(* Let $\mathbb{M}',\mathbb{M}''$ be partial groups and let $(t,\eta)$ be a twisting pair, with $t\colon\mathbb{M}''_1\to\mathrm{Aut}(\mathbb{M}')$ and $\eta\colon\mathbb{M}''_2\to N(\mathbb{M}')$. Then $(t,\eta)$ determines a twisting function $\{\phi_n\colon\mathbb{M}''_n\to\underline{\mathrm{aut}}_{n-1}(\mathbb{M}')=N_{n-1}\mathcal{A}ut(\mathbb{M}')\}_{n\ge1}$ with $\phi_1[g]=t(g)$ and $\phi_2[g|h]=\big(t(g)\xleftarrow{\eta(g,h)}t(gh)\circ t(h)^{-1}\big)$. Moreover, every twisting function $\{\phi_n\colon\mathbb{M}''_n\to\underline{\mathrm{aut}}_{n-1}(\mathbb{M}')\}_{n\ge1}$ arises in this way from some twisting pair.
   Context: Partial groups are simplicial sets whose $n$-simplices are words $[x_1|\dots|x_n]$ (faces multiply adjacent letters or delete first/last letter; degeneracies insert $1$). $N(\mathbb{M}')$ is the normalizer: the set of $\eta\in\mathbb{M}'_1$ such that for all $x$, $[\eta|x|\eta^{-1}]\in\mathbb{M}'$ and $x\mapsto\eta x\eta^{-1}$ extends to an automorphism, and for every simplex $[x_1|\dots|x_n]$ the words $[\eta x_1\eta^{-1}|\dots|\eta x_i\eta^{-1}|\eta|x_{i+1}|\dots|x_n]$ are simplices with equal products. The simplicial group $\underline{\mathrm{aut}}(\mathbb{M}')$ is identified with the nerve of the category $\mathcal{A}ut(\mathbb{M}')$ whose objects are automorphisms of $\mathbb{M}'$ and whose morphisms $(\Phi\xleftarrow{\eta}\Psi)$ are elements $\eta\in N(\mathbb{M}')$ arising as $F(v,\iota_1)$ for a simplicial homotopy $F\colon\mathbb{M}'\times\Delta[1]\to\mathbb{M}'$ with $F|_{\bullet_0}=\Phi$, $F|_{\bullet_1}=\Psi$; composition is multiplication of the $\eta$'s and the group structure is $(\Phi_0\xleftarrow{\omega}\Phi_1)\otimes(\Psi_0\xleftarrow{\eta}\Psi_1)=(\Phi_0\Psi_0\xleftarrow{\Phi_0(\eta)\omega}\Phi_1\Psi_1)$. A twisting pair is a pair of functions $t\colon\mathbb{M}''_1\to\mathrm{Aut}(\mathbb{M}')$ and $\eta\colon\mathbb{M}''_2\to N(\mathbb{M}')$ with (a) $t(1)=\mathrm{Id}$ and $\eta(1,g)=1=\eta(g,1)$ for all $[g]\in\mathbb{M}''_1$; (b) $t(g)(\eta(h,k))\cdot\eta(g,hk)=\eta(g,h)\cdot\eta(gh,k)$ for all $[g|h|k]\in\mathbb{M}''_3$. A twisting function is a family $\phi_n\colon\mathbb{M}''_n\to\underline{\mathrm{aut}}_{n-1}(\mathbb{M}')$, $n\ge1$, such that for all $b\in\mathbb{M}''_n$: $\phi_{n-1}(d_ib)=d_{i-1}(\phi_n(b))$ for $2\le i\le n$; $\phi_{n-1}(d_1b)=d_0(\phi_n(b))\cdot\phi_{n-1}(d_0b)$; $\phi_{n+1}(s_ib)=s_{i-1}(\phi_n(b))$ for $i\ge1$; $\phi_{n+1}(s_0b)=1$. *)

theory Defs
  imports Main
begin

section \<open>Partial groups (Chermak), carrier = the whole type\<close>

record 'a partial_group =
  pdom :: "'a list set"
  pprod :: "'a list \<Rightarrow> 'a"
  pinv :: "'a \<Rightarrow> 'a"

definition pone :: "'a partial_group \<Rightarrow> 'a" where
  "pone M = pprod M []"

definition partial_group :: "'a partial_group \<Rightarrow> bool" where
  "partial_group M \<longleftrightarrow>
     (\<forall>x. [x] \<in> pdom M) \<and>
     (\<forall>u v. u @ v \<in> pdom M \<longrightarrow> u \<in> pdom M \<and> v \<in> pdom M) \<and>
     (\<forall>x. pprod M [x] = x) \<and>
     (\<forall>u v w. u @ v @ w \<in> pdom M \<longrightarrow>
        u @ [pprod M v] @ w \<in> pdom M \<and> pprod M (u @ v @ w) = pprod M (u @ [pprod M v] @ w)) \<and>
     (\<forall>x. pinv M (pinv M x) = x) \<and>
     (\<forall>w\<in>pdom M. rev (map (pinv M) w) @ w \<in> pdom M \<and>
        pprod M (rev (map (pinv M) w) @ w) = pone M)"

text \<open>Simplicial structure: n-simplices are the words of length n in the domain.
  Face d_i (0 \<le> i \<le> n, n \<ge> 1) and degeneracy s_i (0 \<le> i \<le> n).\<close>

definition pg_face :: "'a partial_group \<Rightarrow> nat \<Rightarrow> 'a list \<Rightarrow> 'a list" where
  "pg_face M i w =
     (if i = 0 then tl w
      else if i = length w then butlast w
      else take (i - 1) w @ [pprod M [w ! (i - 1), w ! i]] @ drop (Suc i) w)"

definition pg_degen :: "'a partial_group \<Rightarrow> nat \<Rightarrow> 'a list \<Rightarrow> 'a list" where
  "pg_degen M i w = take i w @ [pone M] @ drop i w"

definition pg_aut :: "'a partial_group \<Rightarrow> ('a \<Rightarrow> 'a) set" where
  "pg_aut M = {f. bij f \<and> (\<forall>w. w \<in> pdom M \<longleftrightarrow> map f w \<in> pdom M) \<and>
                 (\<forall>w\<in>pdom M. f (pprod M w) = pprod M (map f w))}"

definition pconj :: "'a partial_group \<Rightarrow> 'a \<Rightarrow> 'a \<Rightarrow> 'a" where
  "pconj M e x = pprod M [e, x, pinv M e]"

definition nword :: "'a partial_group \<Rightarrow> 'a \<Rightarrow> nat \<Rightarrow> 'a list \<Rightarrow> 'a list" where
  "nword M e i w = map (pconj M e) (take i w) @ [e] @ drop i w"

definition normalizer :: "'a partial_group \<Rightarrow> 'a set" where
  "normalizer M = {e. (\<forall>x. [e, x, pinv M e] \<in> pdom M) \<and> pconj M e \<in> pg_aut M \<and>
      (\<forall>w\<in>pdom M. \<forall>i\<le>length w. nword M e i w \<in> pdom M \<and>
          pprod M (nword M e i w) = pprod M (nword M e 0 w))}"

text \<open>An n-simplex of \<Delta>[1] is a monotone map [n] \<rightarrow> [1], encoded by the number
  k \<le> n+1 of entries equal to 0.  An n-simplex of M \<times> \<Delta>[1] is a pair (w,k).\<close>

definition d1_face :: "nat \<Rightarrow> nat \<Rightarrow> nat" where
  "d1_face i k = (if i < k then k - 1 else k)"

definition d1_degen :: "nat \<Rightarrow> nat \<Rightarrow> nat" where
  "d1_degen i k = (if i < k then Suc k else k)"

definition pg_homotopy :: "'a partial_group \<Rightarrow> ('a list \<Rightarrow> nat \<Rightarrow> 'a list) \<Rightarrow> bool" where
  "pg_homotopy M F \<longleftrightarrow>
     (\<forall>w\<in>pdom M. \<forall>k\<le>Suc (length w). F w k \<in> pdom M \<and> length (F w k) = length w) \<and>
     (\<forall>w\<in>pdom M. \<forall>k\<le>Suc (length w). \<forall>i\<le>length w. 0 < length w \<longrightarrow>
        F (pg_face M i w) (d1_face i k) = pg_face M i (F w k)) \<and>
     (\<forall>w\<in>pdom M. \<forall>k\<le>Suc (length w). \<forall>i\<le>length w.
        F (pg_degen M i w) (d1_degen i k) = pg_degen M i (F w k))"

text \<open>Morphism (Phi <-eta- Psi) of the category Aut(M): eta = F(s_0 v, iota_1) for a
  homotopy F with F restricted to vertex 0 equal to Phi, to vertex 1 equal to Psi.
  Vertex 0 in degree n is k = n+1, vertex 1 is k = 0, iota_1 is k = 1 in degree 1.\<close>

definition aut_mor :: "'a partial_group \<Rightarrow> ('a \<Rightarrow> 'a) \<Rightarrow> 'a \<Rightarrow> ('a \<Rightarrow> 'a) \<Rightarrow> bool" where
  "aut_mor M Phi e Psi \<longleftrightarrow> Phi \<in> pg_aut M \<and> Psi \<in> pg_aut M \<and> e \<in> normalizer M \<and>
     (\<exists>F. pg_homotopy M F \<and>
          (\<forall>w\<in>pdom M. F w (Suc (length w)) = map Phi w) \<and>
          (\<forall>w\<in>pdom M. F w 0 = map Psi w) \<and>
          F [pone M] 1 = [e])"

text \<open>An n-simplex Phi_0 <-eta_1- Phi_1 <- ... <-eta_n- Phi_n is stored as the pair
  ([Phi_0,...,Phi_n], [eta_1,...,eta_n]).\<close>

type_synonym 'a aut_simplex = "('a \<Rightarrow> 'a) list \<times> 'a list"

definition nerve_simplex :: "'a partial_group \<Rightarrow> nat \<Rightarrow> 'a aut_simplex \<Rightarrow> bool" where
  "nerve_simplex M n s \<longleftrightarrow> length (fst s) = Suc n \<and> length (snd s) = n \<and>
     (\<forall>f\<in>set (fst s). f \<in> pg_aut M) \<and>
     (\<forall>i<n. aut_mor M (fst s ! i) (snd s ! i) (fst s ! Suc i))"

definition nerve_face :: "'a partial_group \<Rightarrow> nat \<Rightarrow> 'a aut_simplex \<Rightarrow> 'a aut_simplex" where
  "nerve_face M i s = (take i (fst s) @ drop (Suc i) (fst s), pg_face M i (snd s))"

definition nerve_degen :: "'a partial_group \<Rightarrow> nat \<Rightarrow> 'a aut_simplex \<Rightarrow> 'a aut_simplex" where
  "nerve_degen M i s = (take (Suc i) (fst s) @ drop i (fst s), pg_degen M i (snd s))"

text \<open>Group structure: (Phi0 <-omega- Phi1) (x) (Psi0 <-eta- Psi1)
  = (Phi0 Psi0 <-Phi0(eta) omega- Phi1 Psi1), applied levelwise.\<close>

definition nerve_mult :: "'a partial_group \<Rightarrow> 'a aut_simplex \<Rightarrow> 'a aut_simplex \<Rightarrow> 'a aut_simplex" where
  "nerve_mult M s s' =
     (map (\<lambda>(f, g). f \<circ> g) (zip (fst s) (fst s')),
      map (\<lambda>j. pprod M [(fst s ! j) (snd s' ! j), snd s ! j]) [0..<length (snd s)])"

definition nerve_unit :: "'a partial_group \<Rightarrow> nat \<Rightarrow> 'a aut_simplex" where
  "nerve_unit M n = (replicate (Suc n) id, replicate n (pone M))"

definition twisting_pair ::
  "'a partial_group \<Rightarrow> 'b partial_group \<Rightarrow> ('a \<Rightarrow> 'b \<Rightarrow> 'b) \<Rightarrow> ('a \<Rightarrow> 'a \<Rightarrow> 'b) \<Rightarrow> bool" where
  "twisting_pair M2 M1 t eta \<longleftrightarrow>
     (\<forall>g. t g \<in> pg_aut M1) \<and>
     (\<forall>g h. [g, h] \<in> pdom M2 \<longrightarrow> eta g h \<in> normalizer M1) \<and>
     (\<forall>g h. [g, h] \<in> pdom M2 \<longrightarrow>
        aut_mor M1 (t g) (eta g h) (t (pprod M2 [g, h]) \<circ> inv (t h))) \<and>
     t (pone M2) = id \<and>
     (\<forall>g. eta (pone M2) g = pone M1 \<and> eta g (pone M2) = pone M1) \<and>
     (\<forall>g h k. [g, h, k] \<in> pdom M2 \<longrightarrow>
        pprod M1 [t g (eta h k), eta g (pprod M2 [h, k])] =
        pprod M1 [eta g h, eta (pprod M2 [g, h]) k])"

definition twisting_function ::
  "'a partial_group \<Rightarrow> 'b partial_group \<Rightarrow> (nat \<Rightarrow> 'a list \<Rightarrow> 'b aut_simplex) \<Rightarrow> bool" where
  "twisting_function M2 M1 phi \<longleftrightarrow>
     (\<forall>n\<ge>1. \<forall>b\<in>pdom M2. length b = n \<longrightarrow>
        nerve_simplex M1 (n - 1) (phi n b) \<and>
        (\<forall>i. 2 \<le> i \<and> i \<le> n \<longrightarrow>
           phi (n - 1) (pg_face M2 i b) = nerve_face M1 (i - 1) (phi n b)) \<and>
        (2 \<le> n \<longrightarrow> phi (n - 1) (pg_face M2 1 b) =
           nerve_mult M1 (nerve_face M1 0 (phi n b)) (phi (n - 1) (pg_face M2 0 b))) \<and>
        (\<forall>i. 1 \<le> i \<and> i \<le> n \<longrightarrow>
           phi (Suc n) (pg_degen M2 i b) = nerve_degen M1 (i - 1) (phi n b)) \<and>
        phi (Suc n) (pg_degen M2 0 b) = nerve_unit M1 n)"

definition low_values ::
  "'a partial_group \<Rightarrow> 'b partial_group \<Rightarrow> ('a \<Rightarrow> 'b \<Rightarrow> 'b) \<Rightarrow> ('a \<Rightarrow> 'a \<Rightarrow> 'b)
     \<Rightarrow> (nat \<Rightarrow> 'a list \<Rightarrow> 'b aut_simplex) \<Rightarrow> bool" where
  "low_values M2 M1 t eta phi \<longleftrightarrow>
     (\<forall>g. phi 1 [g] = ([t g], [])) \<and>
     (\<forall>g h. [g, h] \<in> pdom M2 \<longrightarrow>
        phi 2 [g, h] = ([t g, t (pprod M2 [g, h]) \<circ> inv (t h)], [eta g h]))"

end

theory Submission
  imports Defs
begin

text \<open>A morphism \<open>\<Phi> \<leftarrow>\<eta> \<Psi>\<close> of \<open>Aut(M')\<close> exists exactly when \<open>\<eta>\<close> lies in the
  normalizer and \<open>\<Phi> = c\<^sub>\<eta> \<circ> \<Psi>\<close> for the conjugation \<open>c\<^sub>\<eta>\<close>: a homotopy, restricted to the
  triangles over \<open>[x|1]\<close> and \<open>[1|x]\<close>, forces \<open>\<Phi>(x)\<eta> = \<eta>\<Psi>(x)\<close>, and conversely such an
  \<open>\<eta>\<close> yields an explicit homotopy. This reduces everything to algebra in \<open>M'\<close>.

  A twisting function gives \<open>t\<close> and \<open>\<eta>\<close> as its values in degrees 1 and 2, and the face
  relations for \<open>\<phi>\<^sub>3[g|h|k]\<close> give the cocycle identity. Conversely, with the prefix products
  \<open>q\<^sub>j = g\<^sub>2\<cdots>g\<^sub>j\<^sub>+\<^sub>1\<close>, let \<open>\<phi>[g\<^sub>1|\<dots>|g\<^sub>n]\<close> have objects \<open>t(g\<^sub>1q\<^sub>j) t(q\<^sub>j)\<^sup>-\<^sup>1\<close> and
  morphisms \<open>\<eta>(g\<^sub>1,q\<^sub>j)\<^sup>-\<^sup>1 \<eta>(g\<^sub>1,q\<^sub>j\<^sub>+\<^sub>1)\<close>. Faces and degeneracies act on prefix products through
  cofaces and codegeneracies, the morphisms telescope, and the twisted face \<open>d\<^sub>1\<close> is the
  cocycle identity. Uniqueness holds because a simplex of dimension at least two in a nerve
  is determined by its last two faces, so by induction everything is fixed in degrees 1 and 2.\<close>

section \<open>Words and simplicial operators\<close>

definition coface :: "nat \<Rightarrow> nat \<Rightarrow> nat" where
  "coface i j = (if j < i then j else Suc j)"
◇ ◇ ◇
Task directions: Copy out the lines of the records above in which the string "degrees" appears.

Your solution:
  A twisting function gives \<open>t\<close> and \<open>\<eta>\<close> as its values in degrees 1 and 2, and the face
  is determined by its last two faces, so by induction everything is fixed in degrees 1 and 2.\<close>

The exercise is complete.